Step 3: Test Deployment

# Port forward to access the service locally
kubectl port-forward svc/<deployment-name>-frontend 8000:8000 -n ${NAMESPACE}

# In another terminal, test the endpoint
curl http://localhost:8000/v1/models

# Send a test request
curl http://localhost:8000/v1/chat/completions \
  -H "Content-Type: application/json" \
  -d '{
    "model": "<model-name>",
    "messages": [{"role": "user", "content": "Hello!"}],
    "max_tokens": 50
  }'

Step 4: Run Benchmark (Optional)

# Only if perf.yaml exists in the recipe directory
kubectl apply -f <model>/<framework>/<mode>/perf.yaml -n ${NAMESPACE}

# Monitor benchmark progress
kubectl logs -f job/<benchmark-job-name> -n ${NAMESPACE}

# View results after completion
kubectl logs job/<benchmark-job-name> -n ${NAMESPACE} | tail -50

Example Deployments

Llama-3-70B with vLLM (Aggregated)

export NAMESPACE=dynamo-demo
kubectl create namespace ${NAMESPACE}

# Create HF token secret
kubectl create secret generic hf-token-secret \
  --from-literal=HF_TOKEN="your-token" \
  -n ${NAMESPACE}

# Deploy
cd recipes
kubectl apply -f llama-3-70b/model-cache/ -n ${NAMESPACE}
kubectl wait --for=condition=Complete job/model-download -n ${NAMESPACE} --timeout=6000s
kubectl apply -f llama-3-70b/vllm/agg/deploy.yaml -n ${NAMESPACE}

# Test
kubectl port-forward svc/llama3-70b-agg-frontend 8000:8000 -n ${NAMESPACE}

Inference Gateway (GAIE) Integration (Optional)
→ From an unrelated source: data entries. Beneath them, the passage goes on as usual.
(* Let $q\ge2$, let $r$ be a positive integer, and let $f$ be a positive function on the nonnegative integers that is $q$-quasimultiplicative with parameter $r$ (i.e. $f(q^{k+r}a+b)=f(a)f(b)$ for all $a,b,k\ge0$ with $0\le b<q^k$) and has at most polynomial growth ($f(n)=O(n^c)$ and $f(n)=\Omega(n^{-c})$ for a fixed $c\ge0$). Let $\mathcal{B}$, $\ell$, $B(x,t)=\sum_{n\in\mathcal{B}}x^{\ell(n)}f(n)^t$ and $F(x,t)=\sum_{k\ge0}x^k\sum_{0\le n<q^k}f(n)^t$ be as in the context. Then there exist positive constants $\delta,\epsilon$ and functions $\alpha,\kappa$, analytic for $|t|\le\delta$ with $\kappa(t)\ne0$ there, such that for $|t|\le\delta$, $\alpha(t)$ is a solution of $x+x^rB(x,t)=1$ of modulus less than the radius of convergence of $B(\cdot,t)$, this equation has no other solutions of modulus $\le(1+\epsilon)|\alpha(t)|$, and $$[x^k]F(x,t)=\kappa(t)\,\alpha(t)^{-k}\bigl(1+O((1+\epsilon)^{-k})\bigr)$$ uniformly in $t$ with $|t|\le\delta$.
   Context: $\mathcal{B}$ is the set of positive integers not divisible by $q$ whose $q$-ary representation (without leading zeros) does not contain the block $0^r$ of $r$ consecutive zeros; $\ell(n)$ is the length of the $q$-ary representation of $n$; for complex $t$, $f(n)^t=e^{t\log f(n)}$; $[x^k]$ denotes the coefficient of $x^k$. *)

theory Defs
  imports "HOL-Analysis.Analysis" "HOL-Library.Landau_Symbols"
begin

text \<open>Length of the q-ary representation of n (0 has the empty representation).\<close>
definition qlen :: "nat \<Rightarrow> nat \<Rightarrow> nat" where
  "qlen q n = (LEAST k. n < q ^ k)"

definition qdigit :: "nat \<Rightarrow> nat \<Rightarrow> nat \<Rightarrow> nat" where
  "qdigit q n i = n div q ^ i mod q"

definition has_zero_block :: "nat \<Rightarrow> nat \<Rightarrow> nat \<Rightarrow> bool" where
  "has_zero_block q r n = (\<exists>j. j + r \<le> qlen q n \<and> (\<forall>i<r. qdigit q n (j + i) = 0))"

definition Bset :: "nat \<Rightarrow> nat \<Rightarrow> nat set" where
  "Bset q r = {n. 0 < n \<and> \<not> q dvd n \<and> \<not> has_zero_block q r n}"

definition quasimult :: "nat \<Rightarrow> nat \<Rightarrow> (nat \<Rightarrow> real) \<Rightarrow> bool" where
  "quasimult q r f = (\<forall>a b k. b < q ^ k \<longrightarrow> f (q ^ (k + r) * a + b) = f a * f b)"

definition fpow :: "(nat \<Rightarrow> real) \<Rightarrow> nat \<Rightarrow> complex \<Rightarrow> complex" where
  "fpow f n t = exp (t * of_real (ln (f n)))"

text \<open>Coefficient of x^k in B(x,t) = sum over n in B of x^l(n) f(n)^t.\<close>
definition Bcoef :: "nat \<Rightarrow> nat \<Rightarrow> (nat \<Rightarrow> real) \<Rightarrow> complex \<Rightarrow> nat \<Rightarrow> complex" where
  "Bcoef q r f t k = (\<Sum>n \<in> {n \<in> Bset q r. qlen q n = k}. fpow f n t)"

definition Bfun :: "nat \<Rightarrow> nat \<Rightarrow> (nat \<Rightarrow> real) \<Rightarrow> complex \<Rightarrow> complex \<Rightarrow> complex" where
  "Bfun q r f x t = (\<Sum>k. Bcoef q r f t k * x ^ k)"

definition Fcoef :: "nat \<Rightarrow> (nat \<Rightarrow> real) \<Rightarrow> complex \<Rightarrow> nat \<Rightarrow> complex" where
  "Fcoef q f t k = (\<Sum>n<q ^ k. fpow f n t)"

end

theory Submission
  imports Defs "HOL-Complex_Analysis.Complex_Analysis"
begin

(* Write Q(x,t) = 1 - x - x^r B(x,t). Splitting each n with q^(k-1) <= n < q^k at its most
   significant block of r zeros, or at its trailing zeros if it has none, and using
   quasimultiplicativity gives F(x,t) Q(x,t) = 1 + G(x,t), where G collects the numbers without
   such a block. Block-free digit strings are exponentially rarer than all strings, so the
   coefficients of B and G grow at most like gam^k with gam < q, uniformly for small |t|; hence Q
   and G are analytic on a disc of radius 1/gam > 1/q. At t = 0 one has Q = (1 + G)(1 - q x),
   so 1/q is a simple root and the only root of modulus at most 1/q. A Newton contraction gives a
   unique root alpha(t) near 1/q, and compactness keeps Q away from 0 on the rest of a slightly
   larger disc. Then Q = S (1 - x/alpha) with S zero-free there, so F = T/(1 - x/alpha) with
   T = (1 + G)/S analytic beyond |alpha|, and Cauchy's estimates for the coefficients of T give
   the expansion with kappa = T(alpha). Finally alpha and kappa are analytic in t as uniform
   limits of F_k/F_(k+1) and F_k alpha^k. *)

section \<open>Estimates for power series and holomorphic functions\<close>

lemma norm_sum_le_card_mult:
  fixes g :: "'b \<Rightarrow> 'a::real_normed_vector"
  assumes "finite Sx" "\<And>a. a \<in> Sx \<Longrightarrow> norm (g a) \<le> B"
  shows "norm (sum g Sx) \<le> real (card Sx) * B"
proof -
  have "norm (sum g Sx) \<le> (\<Sum>a\<in>Sx. norm (g a))" by (rule norm_sum)
  also have "\<dots> \<le> real (card Sx) * B" using assms(2) by (rule sum_bounded_above)
  finally show ?thesis .
qed

lemma norm_exp_minus_one: "norm (exp (z::complex) - 1) \<le> norm z * exp (norm z)"
proof -
  have "norm (exp z - exp 0) \<le> exp (norm z) * norm (z - 0)"
  proof (rule field_differentiable_bound[of "closed_segment 0 z" exp exp])
    show "convex (closed_segment 0 z)" by simp
    show "(exp has_field_derivative exp w) (at w within closed_segment 0 z)" for w
      by (rule DERIV_exp[THEN has_field_derivative_at_within])
    show "norm (exp w) \<le> exp (norm z)" if "w \<in> closed_segment 0 z" for w
    proof -
      have "norm w \<le> norm z" using that segment_bound by (metis diff_zero norm_minus_commute)
      hence "Re w \<le> norm z" using complex_Re_le_cmod order_trans by blast
      thus ?thesis by simp
    qed
  qed auto
  thus ?thesis by (simp add: mult.commute)
qed

lemma powser_geometric_bound:
  fixes c :: "nat \<Rightarrow> complex"
  assumes cb: "\<And>k. norm (c k) \<le> A * g^k" and g: "g \<ge> 0" and x: "norm x \<le> \<rho>" and gr: "g * \<rho> < 1"
  shows "summable (\<lambda>k. c k * x^k)" "norm (\<Sum>k. c k * x^k) \<le> A / (1 - g*\<rho>)"
proof -
  have r0: "\<rho> \<ge> 0" using x norm_ge_zero order_trans by blast
  have gr0: "g * \<rho> \<ge> 0" using g r0 by simp
  have b: "norm (c k * x^k) \<le> A * (g*\<rho>)^k" for k
  proof -
    have Ag: "0 \<le> A * g^k" using order_trans[OF norm_ge_zero cb[of k]] .
    have "norm (c k * x^k) = norm (c k) * norm x ^ k" by (simp add: norm_mult norm_power)
    also have "\<dots> \<le> (A * g^k) * \<rho>^k" using Ag by (intro mult_mono[OF cb power_mono[OF x]]) auto
    also have "\<dots> = A * (g*\<rho>)^k" by (simp add: power_mult_distrib)
    finally show ?thesis .
  qed
  have sg: "summable (\<lambda>k. A * (g*\<rho>)^k)" using gr gr0 by (intro summable_mult summable_geometric) simp
  have sn: "summable (\<lambda>k. norm (c k * x^k))" by (rule summable_comparison_test'[OF sg]) (use b in auto)
  show "summable (\<lambda>k. c k * x^k)" using sn by (rule summable_norm_cancel)
  have "norm (\<Sum>k. c k * x^k) \<le> (\<Sum>k. norm (c k * x^k))" by (rule summable_norm[OF sn])
  also have "\<dots> \<le> (\<Sum>k. A * (g*\<rho>)^k)" by (rule suminf_le[OF b sn sg])
  also have "\<dots> = A * (\<Sum>k. (g*\<rho>)^k)" using gr gr0 by (subst suminf_mult) (auto intro: summable_geometric)
  also have "\<dots> = A / (1 - g*\<rho>)" using gr gr0 by (subst suminf_geometric) (auto simp: divide_simps)
  finally show "norm (\<Sum>k. c k * x^k) \<le> A / (1 - g*\<rho>)" .
qed

lemma conv_radius_ge_geometric:
  fixes c :: "nat \<Rightarrow> complex"
  assumes cb: "\<And>k. norm (c k) \<le> A * g^k" and g: "g > 0"
  shows "ereal (1/g) \<le> conv_radius c"
proof (rule conv_radius_geI_ex')
  fix \<rho> :: real assume "0 < \<rho>" "ereal \<rho> < ereal (1/g)"
  hence "g * \<rho> < 1" using g by (simp add: field_simps)
  thus "summable (\<lambda>n. c n * of_real \<rho> ^ n)"
    using powser_geometric_bound(1)[OF cb, of "of_real \<rho>" \<rho>] g \<open>0 < \<rho>\<close> by simp
qed

lemma fps_conv_radius_const_X: "fps_conv_radius (fps_const (c::complex) * fps_X) = \<infinity>"
  by (cases "c = 0") (simp_all add: fps_conv_radius_cmult_left)

lemma fps_conv_radius_linear: "fps_conv_radius (1 - fps_const (c::complex) * fps_X) = \<infinity>"
  using fps_conv_radius_diff[of 1 "fps_const c * fps_X"] fps_conv_radius_const_X[of c] by simp

lemma radial_retraction:
  fixes x :: complex and \<rho> :: real
  assumes "0 < \<rho>" "\<rho> < norm x"
  shows "norm (x * of_real (\<rho> / norm x)) = \<rho>" "dist x (x * of_real (\<rho> / norm x)) = norm x - \<rho>"
proof -
  have x: "norm x > 0" using assms by linarith
  have "norm (x * of_real (\<rho> / norm x)) = norm x * \<bar>\<rho> / norm x\<bar>" by (simp only: norm_mult norm_of_real)
  thus "norm (x * of_real (\<rho> / norm x)) = \<rho>" using assms x by simp
  have "x - x * of_real (\<rho> / norm x) = x * of_real (1 - \<rho> / norm x)" by (simp add: algebra_simps)
  hence "norm (x - x * of_real (\<rho> / norm x)) = norm x * \<bar>1 - \<rho> / norm x\<bar>" by (simp only: norm_mult norm_of_real)
  moreover have "\<bar>1 - \<rho> / norm x\<bar> = 1 - \<rho> / norm x" using assms x by simp
  ultimately show "dist x (x * of_real (\<rho> / norm x)) = norm x - \<rho>"
    using x by (simp add: dist_norm field_simps)
qed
For Llama-3-70B with vLLM (Aggregated), an example of integration with the Inference Gateway is provided.

First, deploy the Dynamo Graph per instructions above.

Then follow Deploy Inference Gateway Section 2 to install GAIE.

Update the containers.epp.image in the deployment file, i.e. llama-3-70b/vllm/agg/gaie/k8s-manifests/epp/deployment.yaml. It should match the release tag and be in the format nvcr.io/nvidia/ai-dynamo/frontend:<version> e.g. nvcr.io/nvidia/ai-dynamo/frontend:0.9.0 The recipe assumes you are using Kubernetes discovery backend and sets the DYN_DISCOVERY_BACKEND env variable in the epp deployment. If you want to use etcd enable the lines below and remove the DYN_DISCOVERY_BACKEND env var.

- name: ETCD_ENDPOINTS
  value: "dynamo-platform-etcd.$(PLATFORM_NAMESPACE):2379" #  update dynamo-platform to appropriate namespace
export DEPLOY_PATH=llama-3-70b/vllm/agg/
# DEPLOY_PATH=<model>/<framework>/<mode>/
kubectl apply -R -f "$DEPLOY_PATH/gaie/k8s-manifests" -n "$NAMESPACE"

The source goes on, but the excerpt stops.